Megan McArdle doesn’t view this latest attempt to “fix” Obamacare with any great optimism:
Mitch McConnell is once again announcing that the Senate is going to come out with a new health-care bill and try to hold a vote next week. That exhaustion you feel is the same despair that seeps over you when a pair of ill-matched friends announce for the 17th time that they’re getting back together.
As with those friends (we all have them, don’t we?) there seems to be no set of mutual goals upon which a durable partnership can be built. Many Republican legislators want Obamacare to die. Others would probably attend the funeral with ill-concealed delight, but they don’t want a reputation for having killed it. Still others would like to be able to tell voters that they “did something” about Obamacare, even though in reality they are loath to actually, you know, do something — because their states would lose money, or voters would lose insurance.
[Wearily] So what can be done here? Realistically.
As an exercise on paper, the answer is easy:
- Stop trying to make this a tax-cut bill, and focus on reforms that can pave the way to fiscal stability, and dismantling many of the perverse incentives that have so distorted our health-care system.
- Leave Obamacare’s taxes intact. (Yes, even the dumb ones, of which there are many.)
- Turn Medicaid into a fixed grant rather than an open-ended entitlement, either by making it a block grant, or switching to a flat per-beneficiary payout — but don’t try to make block grants a confusing cover for very deep cuts to the program.

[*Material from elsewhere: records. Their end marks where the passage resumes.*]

lemma omega_limit_eq_Inter_closure:
  "omega_limit f x = (\<Inter>M. closure (orbit_from f x M))"
proof (intro equalityI subsetI)
  fix y assume "y \<in> omega_limit f x"
  then obtain n :: "nat \<Rightarrow> nat" where n: "filterlim n at_top sequentially"
    and lim: "((\<lambda>i. (f ^^ n i) x) \<longlongrightarrow> y) sequentially"
    unfolding omega_limit_def by blast
  show "y \<in> (\<Inter>M. closure (orbit_from f x M))"
  proof
    fix M
    have "eventually (\<lambda>i. n i \<ge> M) sequentially"
      using n by (simp add: filterlim_at_top)
    then have "eventually (\<lambda>i. (f ^^ n i) x \<in> closure (orbit_from f x M)) sequentially"
      by (rule eventually_mono) (intro closure_subset[THEN subsetD] funpow_in_orbit_from)
    then show "y \<in> closure (orbit_from f x M)"
      using Lim_in_closed_set[OF closed_closure _ trivial_limit_sequentially lim] by blast
  qed
next
  fix y assume y: "y \<in> (\<Inter>M. closure (orbit_from f x M))"
  have "\<exists>m\<ge>i. dist ((f ^^ m) x) y < inverse (Suc i)" for i
  proof -
    have "y \<in> closure (orbit_from f x i)"
      using y by blast
    then obtain z where "z \<in> orbit_from f x i" "dist z y < inverse (Suc i)"
      unfolding closure_approachable by (meson inverse_positive_iff_positive of_nat_0_less_iff zero_less_Suc)
    then show ?thesis
      by (auto simp: orbit_from_def)
  qed
  then obtain n where n: "\<And>i. n i \<ge> i" "\<And>i. dist ((f ^^ n i) x) y < inverse (Suc i)"
    by metis
  have "filterlim n at_top sequentially"
    by (rule filterlim_at_top_mono[OF filterlim_ident]) (use n(1) in auto)
  moreover have "((\<lambda>i. (f ^^ n i) x) \<longlongrightarrow> y) sequentially"
  proof (rule tendsto_dist_iff[THEN iffD2], rule tendsto_sandwich[OF _ _ tendsto_const LIMSEQ_inverse_real_of_nat])
    show "eventually (\<lambda>i. 0 \<le> dist ((f ^^ n i) x) y) sequentially"
      by simp
    show "eventually (\<lambda>i. dist ((f ^^ n i) x) y \<le> inverse (Suc i)) sequentially"
      using n(2) by (intro always_eventually allI less_imp_le)
  qed
  ultimately show "y \<in> omega_limit f x"
    unfolding omega_limit_def by blast
qed

lemma closed_omega_limit: "closed (omega_limit f x)"
  unfolding omega_limit_eq_Inter_closure by blast

lemma omega_limit_subset:
  assumes "closed X" "f ` X \<subseteq> X" "x \<in> X"
  shows "omega_limit f x \<subseteq> X"
  using closure_minimal[OF orbit_from_subset[OF assms(2,3)] assms(1)]
  unfolding omega_limit_eq_Inter_closure by blast

lemma compact_omega_limit:
  assumes "compact X" "f ` X \<subseteq> X" "x \<in> X"
  shows "compact (omega_limit f x)"
proof -
  have "omega_limit f x = X \<inter> omega_limit f x"
    using omega_limit_subset[OF compact_imp_closed[OF assms(1)] assms(2,3)] by blast
  then show ?thesis
    using compact_Int_closed[OF assms(1) closed_omega_limit] by metis
qed

lemma omega_limit_nonempty:
  assumes "compact X" "f ` X \<subseteq> X" "x \<in> X"
  shows "omega_limit f x \<noteq> {}"
proof -
  have "X \<inter> (\<Inter>M. closure (orbit_from f x M)) \<noteq> {}"
  proof (rule compact_Int_Inter_nest[OF assms(1) closed_closure])
    show "closure (orbit_from f x N) \<subseteq> closure (orbit_from f x M)" if "M \<le> N" for M N
      using closure_mono[OF orbit_from_antimono[OF that]] .
    show "X \<inter> closure (orbit_from f x M) \<noteq> {}" for M
    proof -
      have "(f ^^ M) x \<in> X \<inter> closure (orbit_from f x M)"
        using funpow_in_invariant_set[OF assms(2,3)] funpow_in_orbit_from[of M M f x]
          closure_subset[of "orbit_from f x M"] by blast
      then show ?thesis
        by blast
    qed
  qed
  then show ?thesis
    unfolding omega_limit_eq_Inter_closure by blast
qed

lemma omega_limit_frequently_in_open:
  assumes "y \<in> omega_limit f x" "open G" "y \<in> G"
  shows "\<exists>m\<ge>M. (f ^^ m) x \<in> G"
proof -
  have "y \<in> closure (orbit_from f x M)"
    using assms(1) unfolding omega_limit_eq_Inter_closure by blast
  then have "G \<inter> orbit_from f x M \<noteq> {}"
    using assms(2,3) open_Int_closure_eq_empty by blast
  then show ?thesis
    by (auto simp: orbit_from_def)
qed

lemma eventually_notin_compact_disjoint_omega_limit:
  assumes "compact K" "K \<inter> omega_limit f x = {}"
  shows "\<exists>M. \<forall>m\<ge>M. (f ^^ m) x \<notin> K"
proof (rule ccontr)
  assume not_eventually: "\<not> ?thesis"
  have "K \<inter> (\<Inter>M. closure (orbit_from f x M)) \<noteq> {}"
  proof (rule compact_Int_Inter_nest[OF assms(1) closed_closure])
    show "closure (orbit_from f x N) \<subseteq> closure (orbit_from f x M)" if "M \<le> N" for M N
      using closure_mono[OF orbit_from_antimono[OF that]] .
    show "K \<inter> closure (orbit_from f x M) \<noteq> {}" for M
    proof -
      obtain m where "m \<ge> M" "(f ^^ m) x \<in> K"
        using not_eventually by blast
      then show ?thesis
        using funpow_in_orbit_from[of M m f x] closure_subset[of "orbit_from f x M"] by blast
    qed
  qed
  then show False
    using assms(2) unfolding omega_limit_eq_Inter_closure by blast
qed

- Provide generous funding to stabilize the individual health-insurance exchanges, but demand in return very wide latitude for states to decide how they stabilize their insurance markets — including jettisoning any of the Obamacare regulations they think are getting in the way.
- Meanwhile, move the system more aggressively toward health-savings accounts plus catastrophic insurance — and get Democrats on board by offering to have the government fund some portion of those health savings accounts for low-income citizens.
Is that my ideal health-care system? No. But it gives Republicans some of what they want (a more consumer-driven, pro-market program in the individual market, and a big start toward reforming the bloated and byzantine mess that is the Medicaid program). It gives Democrats some of what they want (money for people who don’t have very much of it, plus they don’t get splattered by the fallout of Obamacare exchanges melting down). In theory, it could pass.
And in theory, I could play third base for the Yankees, if Joe Girardi were willing to hire me. The truth is that after years of complaining about obstructionism, Democrats have developed a sudden taste for the stuff; there’s a substantial faction of both politicians and voters who want the Democrats to stand by and do nothing, nothing, that Republicans might like. And even among those who think they want bipartisan compromise — well, I spend a lot of time listening to those folks, and when you get down to it, frequently their idea of a “compromise” is that they get a huge government program that costs hundreds of billions of dollars, and Republicans get trivial increases in the size of health-savings accounts, and maybe to twiddle with a few of the outer decimal points on growth rates. In other words, what they think is a vision of compromise is too often actually a vision of America ca. 1992, when Republicans were a minority party who had to come begging for crumbs.